Sad me
The "follow the money" mantra leads to a rather sad place. If a billion user names and passwords are worth $250M, then I'm worth two bits to them.
But they are buying the rest for another $4.5B because -- profit??
Something doesn't add up.
Verizon will savagely slash its acquisition offer for hacker-ransacked Yahoo! by, wait a minute, just 5.2 per cent, it is claimed. We're hearing that the telecom giant has decided to lower its $4.8bn offer for what remains of the Purple Palace by roughly $250m. According to Bloomberg, the discount will be $250m, while The Wall …
Up-votes for everybody*! (there's just the three of us right now)

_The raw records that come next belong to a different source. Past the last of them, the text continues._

(*
  The common factor C cancels from the comparisons
  C + A_j <= C + A_i, so C + A_i attains the maximum iff C >= -A_i and A_j <= A_i for
  every j /= i. Conditioning on A_i = y, which by independence is Fubini on the product
  of the laws, the conditional probability of this event factorises as
  P(C >= -y) * prod_{j /= i} P(A_j <= y), and the centred Gaussian C is symmetric, so
  P(C >= -y) = F_C(y). Since gamma < 1, A_i has positive variance and hence a density, and
  integrating against it gives the formula.
*)
theory Submission
  imports Defs
begin

lemma (in finite_borel_measure) emeasure_atMost_eq_cdf: "emeasure M {..x} = ennreal (cdf M x)"
  by (simp add: cdf_def emeasure_eq_measure)

lemma (in finite_borel_measure) borel_measurable_cdf: "cdf M \<in> borel_measurable borel"
  by (intro borel_measurable_mono monoI cdf_nondecreasing)

lemma cdf_product_bounded:
  assumes "\<And>j. j \<in> J \<Longrightarrow> real_distribution (D j)"
  shows "(\<lambda>x. \<Prod>j\<in>J. cdf (D j) x) \<in> borel_measurable borel"
    and "0 \<le> (\<Prod>j\<in>J. cdf (D j) x)" and "(\<Prod>j\<in>J. cdf (D j) x) \<le> 1"
proof -
  have D: "finite_borel_measure (D j)" if "j \<in> J" for j
    using assms[OF that] by (rule real_distribution.finite_borel_measure_M)
  show "(\<lambda>x. \<Prod>j\<in>J. cdf (D j) x) \<in> borel_measurable borel"
    using D by (intro borel_measurable_prod finite_borel_measure.borel_measurable_cdf)
  show "0 \<le> (\<Prod>j\<in>J. cdf (D j) x)"
    using D by (intro prod_nonneg finite_borel_measure.cdf_nonneg)
  show "(\<Prod>j\<in>J. cdf (D j) x) \<le> 1"
    using assms D
    by (intro prod_le_1 conjI finite_borel_measure.cdf_nonneg real_distribution.cdf_bounded_prob)
qed

lemma emeasure_centered_gauss_atLeast_uminus:
  assumes "0 \<le> v"
  shows "emeasure (gauss_measure 0 v) {-y..} = emeasure (gauss_measure 0 v) {..y}"
proof (cases "v = 0")
  case True
  then show ?thesis by (simp add: gauss_measure_def emeasure_return indicator_def)
next
  case False
  let ?f = "\<lambda>x. ennreal (normal_density 0 (sqrt v) x) * indicator {-y..} x"
  have "emeasure (gauss_measure 0 v) {-y..} = (\<integral>\<^sup>+x. ?f x \<partial>lborel)"
    using False by (simp add: gauss_measure_def emeasure_density)
  also have "\<dots> = (\<integral>\<^sup>+x. ?f (- x) \<partial>lborel)"
    using nn_integral_real_affine[of ?f "-1" 0] by simp
  also have "\<dots> = (\<integral>\<^sup>+x. ennreal (normal_density 0 (sqrt v) x) * indicator {..y} x \<partial>lborel)"
    by (intro nn_integral_cong) (auto simp: normal_density_def indicator_def)
  also have "\<dots> = emeasure (gauss_measure 0 v) {..y}"
    using False by (simp add: gauss_measure_def emeasure_density)
  finally show ?thesis .
qed

lemma nn_integral_density_eq_integral_bounded:
  fixes f g :: "'a \<Rightarrow> real"
  assumes f: "integrable N f" "\<And>x. 0 \<le> f x"
    and g: "g \<in> borel_measurable N" "\<And>x. 0 \<le> g x" "\<And>x. g x \<le> 1"
  shows "(\<integral>\<^sup>+x. ennreal (g x) \<partial>density N f) = ennreal (\<integral>x. f x * g x \<partial>N)"
proof -
  have "integrable N (\<lambda>x. f x * g x)"
    using f g by (intro Bochner_Integration.integrable_bound[OF f(1)]) (auto intro!: mult_left_le)
  moreover have "(\<integral>\<^sup>+x. ennreal (g x) \<partial>density N f) = (\<integral>\<^sup>+x. ennreal (f x * g x) \<partial>N)"
    using f g by (simp add: nn_integral_density ennreal_mult)
  ultimately show ?thesis
    using f g by (simp add: nn_integral_eq_integral)
qed

lemma sets_PiM_Collect_component_pairs:
  assumes "finite J" "J \<subseteq> I" "i \<in> I"
    and P: "\<And>j. j \<in> J \<Longrightarrow> Measurable.pred (M j \<Otimes>\<^sub>M M i) (\<lambda>(x, y). P j x y)"
  shows "{f \<in> space (PiM I M). \<forall>j\<in>J. P j (f j) (f i)} \<in> sets (PiM I M)"
proof -
  have "Measurable.pred (PiM I M) (\<lambda>f. P j (f j) (f i))" if "j \<in> J" for j
  proof -
    have "(\<lambda>f. (f j, f i)) \<in> measurable (PiM I M) (M j \<Otimes>\<^sub>M M i)"
      using assms that by (intro measurable_Pair measurable_component_singleton) auto
    from measurable_compose[OF this P[OF that]] show ?thesis
      by simp
  qed
  then show ?thesis
    using \<open>finite J\<close> by measurable
qed

lemma (in product_sigma_finite) emeasure_PiM_condition_on_one:
  assumes J: "finite J" "i \<notin> J"
    and P: "\<And>j. j \<in> J \<Longrightarrow> Measurable.pred (M j \<Otimes>\<^sub>M M i) (\<lambda>(x, y). P j x y)"
  shows "emeasure (PiM (insert i J) M) {f \<in> space (PiM (insert i J) M). \<forall>j\<in>J. P j (f j) (f i)} =
    (\<integral>\<^sup>+y. (\<Prod>j\<in>J. emeasure (M j) {x \<in> space (M j). P j x y}) \<partial>M i)"
proof -
  define S where "S = {f \<in> space (PiM (insert i J) M). \<forall>j\<in>J. P j (f j) (f i)}"
  have S: "S \<in> sets (PiM (insert i J) M)"
    unfolding S_def using J P by (intro sets_PiM_Collect_component_pairs) auto
  have "emeasure (PiM (insert i J) M) S = (\<integral>\<^sup>+f. indicator S f \<partial>PiM (insert i J) M)"
    using S by simp
  also have "\<dots> = (\<integral>\<^sup>+y. (\<integral>\<^sup>+x. indicator S (x(i := y)) \<partial>PiM J M) \<partial>M i)"
    using S J by (intro product_nn_integral_insert_rev) auto
  also have "\<dots> = (\<integral>\<^sup>+y. (\<Prod>j\<in>J. emeasure (M j) {x \<in> space (M j). P j x y}) \<partial>M i)"
  proof (intro nn_integral_cong)
    fix y assume y: "y \<in> space (M i)"
    define B where "B j = {x \<in> space (M j). P j x y}" for j
    have B: "B j \<in> sets (M j)" if "j \<in> J" for j
      using measurable_compose[OF measurable_Pair2'[OF y] P[OF that]] by (simp add: B_def pred_def)
    have "indicator S (x(i := y)) = (indicator (PiE J B) x :: ennreal)"
      if x: "x \<in> space (PiM J M)" for x
    proof -
      have "x(i := y) \<in> space (PiM (insert i J) M)"
        using x y by (auto simp: space_PiM PiE_def extensional_def)
      moreover have "x \<in> PiE J B \<longleftrightarrow> (\<forall>j\<in>J. P j (x j) y)"
        using x by (auto simp: B_def space_PiM PiE_def)
      ultimately show ?thesis
        using J(2) by (auto simp: S_def indicator_def)
    qed
    then have "(\<integral>\<^sup>+x. indicator S (x(i := y)) \<partial>PiM J M) =
        (\<integral>\<^sup>+x. indicator (PiE J B) x \<partial>PiM J M)"
      by (intro nn_integral_cong)
    also have "\<dots> = emeasure (PiM J M) (PiE J B)"
      using B J by (intro nn_integral_indicator sets_PiM_I_finite) auto
    also have "\<dots> = (\<Prod>j\<in>J. emeasure (M j) (B j))"
      using B J by (intro emeasure_PiM) auto
    finally show "(\<integral>\<^sup>+x. indicator S (x(i := y)) \<partial>PiM J M) = (\<Prod>j\<in>J. emeasure (M j) (B j))" .
  qed
  finally show ?thesis
    unfolding S_def .
qed

lemma (in prob_space) emeasure_indep_vars_condition_on_one:
  fixes X :: "'i \<Rightarrow> 'a \<Rightarrow> 'b" and P :: "'i \<Rightarrow> 'b \<Rightarrow> 'b \<Rightarrow> bool"
  assumes indep: "indep_vars M' X I" and I: "finite I" "i \<in> I"
    and P: "\<And>j. j \<in> I - {i} \<Longrightarrow> Measurable.pred (M' j \<Otimes>\<^sub>M M' i) (\<lambda>(x, y). P j x y)"
  shows "emeasure M {\<omega> \<in> space M. \<forall>j\<in>I - {i}. P j (X j \<omega>) (X i \<omega>)} =
    (\<integral>\<^sup>+y. (\<Prod>j\<in>I - {i}. emeasure (distr M (M' j) (X j)) {x \<in> space (M' j). P j x y})
       \<partial>distr M (M' i) (X i))"
proof -
  have rv: "\<And>j. j \<in> I \<Longrightarrow> random_variable (M' j) (X j)"
    using indep by (simp add: indep_vars_def)
  \<comment> \<open>Only the factors indexed by I matter; the point mass elsewhere just makes D a
    product of probability spaces.\<close>
  define D where
    "D j = (if j \<in> I then distr M (M' j) (X j) else return (count_space UNIV) undefined)" for j
  interpret D: product_prob_space D
    by (intro product_prob_spaceI) (auto simp: D_def rv prob_space_distr prob_space_return)
  have sets_D: "sets (D j) = sets (M' j)" if "j \<in> I" for j
    using that by (simp add: D_def)
  have sets_PiM_D: "sets (PiM I D) = sets (PiM I M')"
    using sets_D by (intro sets_PiM_cong) auto
  let ?X = "\<lambda>\<omega>. \<lambda>j\<in>I. X j \<omega>"
  have X_meas: "?X \<in> measurable M (PiM I D)"
    using rv sets_PiM_D by (simp add: measurable_restrict cong: measurable_cong_sets)
  have "distr M (PiM I D) ?X = distr M (PiM I M') ?X"
    using sets_PiM_D by (intro distr_cong) auto
  also have "\<dots> = PiM I (\<lambda>j. distr M (M' j) (X j))"
    using indep rv I by (subst indep_vars_iff_distr_eq_PiM'[symmetric]) auto
  also have "\<dots> = PiM I D"
    by (intro PiM_cong) (auto simp: D_def)
  finally have joint: "distr M (PiM I D) ?X = PiM I D" .
  have P_D: "Measurable.pred (D j \<Otimes>\<^sub>M D i) (\<lambda>(x, y). P j x y)" if "j \<in> I - {i}" for j
  proof -
    have sets_eq: "sets (D j \<Otimes>\<^sub>M D i) = sets (M' j \<Otimes>\<^sub>M M' i)"
      using that I sets_D by (intro sets_pair_measure_cong) auto
    show ?thesis
      unfolding measurable_cong_sets[OF sets_eq refl] using P[OF that] .
  qed
  define S where "S = {f \<in> space (PiM I D). \<forall>j\<in>I - {i}. P j (f j) (f i)}"
  have S_meas: "S \<in> sets (PiM I D)"
    unfolding S_def using I P_D by (intro sets_PiM_Collect_component_pairs) auto
  have "{\<omega> \<in> space M. \<forall>j\<in>I - {i}. P j (X j \<omega>) (X i \<omega>)} = ?X -` S \<inter> space M"
    using measurable_space[OF X_meas] I by (auto simp: S_def)
  then have "emeasure M {\<omega> \<in> space M. \<forall>j\<in>I - {i}. P j (X j \<omega>) (X i \<omega>)} = emeasure (PiM I D) S"
    using emeasure_distr[OF X_meas S_meas] joint by simp
  also have "\<dots> = (\<integral>\<^sup>+y. (\<Prod>j\<in>I - {i}. emeasure (D j) {x \<in> space (D j). P j x y}) \<partial>D i)"
    using D.emeasure_PiM_condition_on_one[of "I - {i}" i P] P_D I
    by (simp add: S_def insert_absorb)
  also have "\<dots> = (\<integral>\<^sup>+y. (\<Prod>j\<in>I - {i}. emeasure (distr M (M' j) (X j)) {x \<in> space (M' j). P j x y})
       \<partial>distr M (M' i) (X i))"
  proof -
    have "D i = distr M (M' i) (X i)"
      using I by (simp add: D_def)
    then show ?thesis
      by (auto simp: D_def intro!: nn_integral_cong prod.cong)
  qed
  finally show ?thesis .
qed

Small deduction in price, while not reflective of hacked mail user value, is due to the event nonetheless. However, there is value to be had, even if they need to cast off the old-timey branding. Not sure about AOL, but Yahoo! still has over a dozen fully-stocked, ready to redeploy data centers online. And this is Verizon, the guys fighting for second place in the mobile carrier market and getting their asses regularly handed to them by a crazy CEO in pink t-shirt. Let us not beat around the proverbial bushes, lads and ladies. Yahoo!'s DCs and AOL's DCs combined is still an attractive value in and of themselves, and you most certainly can ignore the branding of old, for probable new branding to tie into their new mommy, or perhaps some showy new brand with a stupid name we'll all laugh at. Either way, you could ditch the running OSes, and just roll out brand new services on the same hardware and bill it as another cloud service. There is a lot you can do with dozens of connected, worldwide data centers without ever calling them an AOL or Yahoo! property again. It stands to reason. What say you?
There is a lot you can do with dozens of connected, worldwide data centers without ever calling them an AOL or Yahoo! property again. It stands to reason. What say you?
Why would they want more datacenters when they've been busy selling them off as it is?
I wonder if following the money winds up in various tax havens, where the banks park their profits.
Don't forget, there are various shady brokers involved in all these huge deals, and they're all making a percentage somewhere.
Once these deals start rolling, they don't usually stop.
I won't be terribly surprised if Marissa winds up "consulting" to one of the involved parties at some point also.